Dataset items
lemma ideal_pow_Suc_subset: "ideal_pow m P (Suc k) \<subseteq> ideal_pow m P k"
proof (induct k)
  case 0
  then show ?case
    using ideal_pow_subset_OK by simp
next
  case (Suc k)
  show ?case
  proof
    fix x assume "x \<in> ideal_pow m P (Suc (Suc k))"
    then show "x \<in> ideal_pow m P (Suc k)"
      using Suc unfolding ideal_pow_Suc_iff[of x "Suc k"] ideal_pow_Suc_iff[of x k] by blast
  qed
qed

lemma ideal_pow_antimono: "j \<le> k \<Longrightarrow> ideal_pow m P k \<subseteq> ideal_pow m P j"
  by (rule lift_Suc_antimono_le[of "ideal_pow m P"]) (use ideal_pow_Suc_subset in auto)

lemma ideal_pow_mult: "x \<in> ideal_pow m P i \<Longrightarrow> y \<in> ideal_pow m P j \<Longrightarrow> x * y \<in> ideal_pow m P (i + j)"
proof (induct j arbitrary: y)
  case 0
  then show ?case
    using ideal_mult_OK[OF ideal_ideal_pow] by (simp add: mult.commute)
next
  case (Suc j)
  have y: "y \<in> OK m" "\<forall>d\<in>P_inv. d * y \<in> ideal_pow m P j"
    using Suc.prems(2) unfolding ideal_pow_Suc_iff by simp_all
  have "x * y \<in> OK m"
    using OK_mult Suc.prems(1) y(1) ideal_pow_subset_OK by blast
  moreover have "d * (x * y) \<in> ideal_pow m P (i + j)" if "d \<in> P_inv" for d
  proof -
    have "x * (d * y) \<in> ideal_pow m P (i + j)"
      using Suc.hyps[OF Suc.prems(1)] y(2) that by blast
    then show ?thesis
      by (simp add: ac_simps)
  qed
  ultimately show ?case
    by (simp add: ideal_pow_Suc_iff)
qed

lemma P_inv_power_mult: "d \<in> P_inv \<Longrightarrow> x \<in> ideal_pow m P (j + k) \<Longrightarrow> d ^ j * x \<in> ideal_pow m P k"
proof (induct j arbitrary: x)
  case (Suc j)
  then have "d ^ j * (d * x) \<in> ideal_pow m P k"
    by (simp add: ideal_pow_Suc_iff)
  then show ?case
    by (simp add: ac_simps)
qed simp

lemma exists_not_in_ideal_pow:
  assumes x: "x \<in> OK m" "x \<noteq> 0"
  obtains k where "x \<notin> ideal_pow m P k"
proof (rule ccontr)
  assume "\<not> thesis"
  then have all: "x \<in> ideal_pow m P k" for k
    using that by blast
  obtain ps where ps: "(\<Sum>(a, b)\<leftarrow>ps. a * b) = 1" "\<forall>(a, b)\<in>set ps. a \<in> P \<and> b \<in> P_inv"
    using one_eq_sum_P_times_P_inv by blast
  have "b \<in> OK m" if "b \<in> P_inv" for b
    using OK_if_power_multiples_OK[OF x] that P_inv_power_mult[OF that all[of "_ + 0"]]
    by (simp add: P_inv_def)
  then have "a * b \<in> P" if "(a, b) \<in> set ps" for a b
    using ps(2) that P_mult[of a b] by (auto simp: mult.commute)
  then have "(\<Sum>(a, b)\<leftarrow>ps. a * b) \<in> P"
    by (intro ideal_sum_list[OF ideal_P]) auto
  then show False
    using ps(1) one_notin_P by simp
qed

text \<open>Dividing out one factor of \<open>P\<close> at a time reduces \<open>exact_pow_mult\<close> below to the
  primality of \<open>P\<close>.\<close>
lemma exact_pow_mult_step:
  assumes x: "x \<in> ideal_pow m P (Suc i)" "x \<notin> ideal_pow m P (Suc (Suc i))"
    and IH: "\<And>x'. x' \<in> ideal_pow m P i \<Longrightarrow> x' \<notin> ideal_pow m P (Suc i) \<Longrightarrow>
      x' * y \<notin> ideal_pow m P (Suc (i + j))"
  shows "x * y \<notin> ideal_pow m P (Suc (Suc i + j))"
proof
  obtain d where d: "d \<in> P_inv" "d * x \<notin> ideal_pow m P (Suc i)"
    using x ideal_pow_subset_OK ideal_pow_Suc_iff[of x "Suc i"] by blast
  have "d * x \<in> ideal_pow m P i"
    using x(1) d(1) by (simp add: ideal_pow_Suc_iff)
  then have "(d * x) * y \<notin> ideal_pow m P (Suc (i + j))"
    using IH d(2) by blast
  moreover assume "x * y \<in> ideal_pow m P (Suc (Suc i + j))"
  then have "d * (x * y) \<in> ideal_pow m P (Suc (i + j))"
    using d(1) by (simp add: ideal_pow_Suc_iff)
  ultimately show False
    by (simp add: mult.assoc)
qed

lemma exact_pow_mult:
  assumes "x \<in> ideal_pow m P i" "x \<notin> ideal_pow m P (Suc i)"
    and "y \<in> ideal_pow m P j" "y \<notin> ideal_pow m P (Suc j)"
  shows "x * y \<notin> ideal_pow m P (Suc (i + j))"
  using assms
proof (induct i arbitrary: x)
  case 0
  from 0(3,4) show ?case
  proof (induct j arbitrary: y)
    case 0
    then show ?case
      using \<open>x \<notin> ideal_pow m P (Suc 0)\<close> \<open>x \<in> ideal_pow m P 0\<close> P_prime ideal_pow_1 by auto
  next
    case (Suc j)
    then show ?case
      using exact_pow_mult_step[of y j x 0] by (simp add: mult.commute)
  qed
next
  case (Suc i)
  then show ?case
    using exact_pow_mult_step[of x i y j] by simp
qed

lemma in_ideal_pow_iff_le_ordO:
  assumes x: "x \<in> OK m" "x \<noteq> 0"
  shows "x \<in> ideal_pow m P k \<longleftrightarrow> k \<le> ordO m P x"
proof -
  obtain K where K: "x \<notin> ideal_pow m P K"
    using exists_not_in_ideal_pow[OF x] .
  have bound: "k' \<le> K" if "x \<in> ideal_pow m P k'" for k'
    using that K ideal_pow_antimono[of K k'] by (cases "K \<le> k'") auto
  have "x \<in> ideal_pow m P (ordO m P x)"
    unfolding ordO_def using GreatestI_nat[of "\<lambda>k. x \<in> ideal_pow m P k" 0 K] x bound by simp
  moreover have "k \<le> ordO m P x" if "x \<in> ideal_pow m P k"
    unfolding ordO_def using Greatest_le_nat[of "\<lambda>k. x \<in> ideal_pow m P k" k K] bound that by blast
  ultimately show ?thesis
    using ideal_pow_antimono by blast
qed

lemma ordO_mult:
  assumes x: "x \<in> OK m" "x \<noteq> 0" and y: "y \<in> OK m" "y \<noteq> 0"
  shows "ordO m P (x * y) = ordO m P x + ordO m P y"
proof -
  have xy: "x * y \<in> OK m" "x * y \<noteq> 0"
    using x y OK_mult by auto
  have "x * y \<in> ideal_pow m P (ordO m P x + ordO m P y)"
    using ideal_pow_mult in_ideal_pow_iff_le_ordO[OF x] in_ideal_pow_iff_le_ordO[OF y] by blast
  moreover have "x * y \<notin> ideal_pow m P (Suc (ordO m P x + ordO m P y))"
    using exact_pow_mult in_ideal_pow_iff_le_ordO[OF x] in_ideal_pow_iff_le_ordO[OF y] by simp
  ultimately show ?thesis
    unfolding in_ideal_pow_iff_le_ordO[OF xy] by simp
qed

lemma ordO_eq_0: "x \<in> OK m \<Longrightarrow> x \<noteq> 0 \<Longrightarrow> x \<notin> P \<Longrightarrow> ordO m P x = 0"
  using in_ideal_pow_iff_le_ordO[of x 1] ideal_pow_1 by simp

section \<open>The valuation on \<open>K\<close>\<close>

text \<open>This shows that the choice in the definition of \<open>ordK\<close> does not matter.\<close>
lemma ordK_div:
  assumes a: "a \<in> OK m" "a \<noteq> 0" and b: "b \<in> OK m" "b \<noteq> 0"
  shows "ordK m P (a / b) = int (ordO m P a) - int (ordO m P b)"
proof -
  have "\<exists>k a' b'. a' \<in> OK m \<and> b' \<in> OK m \<and> a' \<noteq> 0 \<and> b' \<noteq> 0 \<and> a / b = a' / b'
      \<and> k = int (ordO m P a') - int (ordO m P b')"
    using a b by blast
  from someI_ex[OF this] obtain a' b' where ab: "a' \<in> OK m" "b' \<in> OK m" "a' \<noteq> 0" "b' \<noteq> 0"
      "a / b = a' / b'" "ordK m P (a / b) = int (ordO m P a') - int (ordO m P b')"
    unfolding ordK_def by blast
  have "a * b' = a' * b"
    using ab(4,5) b(2) by (simp add: field_simps)
  then have "ordO m P a + ordO m P b' = ordO m P a' + ordO m P b"
    using ordO_mult[OF a ab(2,4)] ordO_mult[OF ab(1,3) b] by simp
  then show ?thesis
    using ab(6) by simp
qed

lemma ordK_mult:
  assumes x: "x \<in> QF m" "x \<noteq> 0" and y: "y \<in> QF m" "y \<noteq> 0"
  shows "ordK m P (x * y) = ordK m P x + ordK m P y"
proof -
  obtain a D where a: "a \<in> OK m" "D > 0" "x = a / of_nat D"
    using QF_eq_OK_div_nat[OF x(1)] .
  obtain b E where b: "b \<in> OK m" "E > 0" "y = b / of_nat E"
    using QF_eq_OK_div_nat[OF y(1)] .
  have nz: "a \<noteq> 0" "b \<noteq> 0"
    using a(3) b(3) x(2) y(2) by auto
  have "x * y = (a * b) / (of_nat D * of_nat E)"
    using a(3) b(3) by simp
  then have "ordK m P (x * y) = int (ordO m P (a * b)) - int (ordO m P (of_nat D * of_nat E))"
    using ordK_div[of "a * b" "of_nat D * of_nat E"] OK_mult[OF a(1) b(1)] OK_mult[OF OK_of_nat OK_of_nat]
      nz a(2) b(2) by simp
  also have "\<dots> = (int (ordO m P a) - int (ordO m P (of_nat D)))
      + (int (ordO m P b) - int (ordO m P (of_nat E)))"
    using ordO_mult[OF a(1) nz(1) b(1) nz(2)] ordO_mult[of "of_nat D" "of_nat E"] a(2) b(2) by simp
  also have "\<dots> = ordK m P x + ordK m P y"
    using ordK_div[OF a(1) nz(1), of "of_nat D"] ordK_div[OF b(1) nz(2), of "of_nat E"] a b by simp
  finally show ?thesis .
qed

lemma ordK_power:
  assumes "x \<in> QF m" "x \<noteq> 0"
  shows "ordK m P (x ^ k) = int k * ordK m P x"
proof (induct k)
  case 0
  then show ?case
    using ordK_div[of 1 1] by simp
next
  case (Suc k)
  then show ?case
    using ordK_mult[OF assms QF_power[OF assms(1)]] assms(2) by (simp add: algebra_simps)
qed

lemma ordK_uminus:
  assumes "x \<in> QF m" "x \<noteq> 0"
  shows "ordK m P (- x) = ordK m P x"
proof -
  have "- 1 \<notin> P"
    using P_uminus one_notin_P by fastforce
  then have "ordK m P (- 1) = 0"
    using ordK_div[of "- 1" 1] ordO_eq_0[of "- 1"] ordO_eq_0[of 1] one_notin_P OK_uminus by simp
  then show ?thesis
    using ordK_mult[of "- 1" x] assms QF_uminus[OF QF_of_nat[of 1]] by simp
qed

lemma ordK_add_ge_min:
  assumes x: "x \<in> QF m" "x \<noteq> 0" and y: "y \<in> QF m" "y \<noteq> 0" and xy: "x + y \<noteq> 0"
  shows "min (ordK m P x) (ordK m P y) \<le> ordK m P (x + y)"
proof -
  obtain a D where a: "a \<in> OK m" "D > 0" "x = a / of_nat D"
    using QF_eq_OK_div_nat[OF x(1)] .
  obtain b E where b: "b \<in> OK m" "E > 0" "y = b / of_nat E"
    using QF_eq_OK_div_nat[OF y(1)] .
  define c where "c = (of_nat (D * E) :: complex)"
  define a' where "a' = a * of_nat E"
  define b' where "b' = b * of_nat D"
  have c: "c \<in> OK m" "c \<noteq> 0"
    unfolding c_def using a(2) b(2) by (simp only: OK_of_nat, simp)
  have a': "a' \<in> OK m" "a' \<noteq> 0" "x = a' / c"
    using OK_mult[OF a(1) OK_of_nat] a(2,3) b(2) x(2) by (simp_all add: a'_def c_def)
  have b': "b' \<in> OK m" "b' \<noteq> 0" "y = b' / c"
    using OK_mult[OF b(1) OK_of_nat] a(2) b(2,3) y(2) by (simp_all add: b'_def c_def)
  have s3: "x + y = (a' + b') / c"
    using a'(3) b'(3) by (simp add: add_divide_distrib)
  have s: "a' + b' \<in> OK m" "a' + b' \<noteq> 0"
    using OK_add[OF a'(1) b'(1)] xy s3 by auto
  define k where "k = min (ordO m P a') (ordO m P b')"
  have "a' + b' \<in> ideal_pow m P k"
    using in_ideal_pow_iff_le_ordO[OF a'(1,2)] in_ideal_pow_iff_le_ordO[OF b'(1,2)]
      ideal_add[OF ideal_ideal_pow] by (simp add: k_def)
  then have "k \<le> ordO m P (a' + b')"
    using in_ideal_pow_iff_le_ordO[OF s(1,2)] by simp
  then show ?thesis
    using ordK_div[OF a'(1,2) c] ordK_div[OF b'(1,2) c] ordK_div[OF s c] a'(3) b'(3) s3
    by (simp add: k_def)
qed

*WHAT TO DO:*
Find "using d(1) by" in the entries above and copy that whole line exactly, then each line after it through the line that contains "from 0(3,4) show ?case".

*EXPECTED OUTPUT:*
    using d(1) by (simp add: ideal_pow_Suc_iff)
  ultimately show False
    by (simp add: mult.assoc)
qed

lemma exact_pow_mult:
  assumes "x \<in> ideal_pow m P i" "x \<notin> ideal_pow m P (Suc i)"
    and "y \<in> ideal_pow m P j" "y \<notin> ideal_pow m P (Suc j)"
  shows "x * y \<notin> ideal_pow m P (Suc (i + j))"
  using assms
proof (induct i arbitrary: x)
  case 0
  from 0(3,4) show ?case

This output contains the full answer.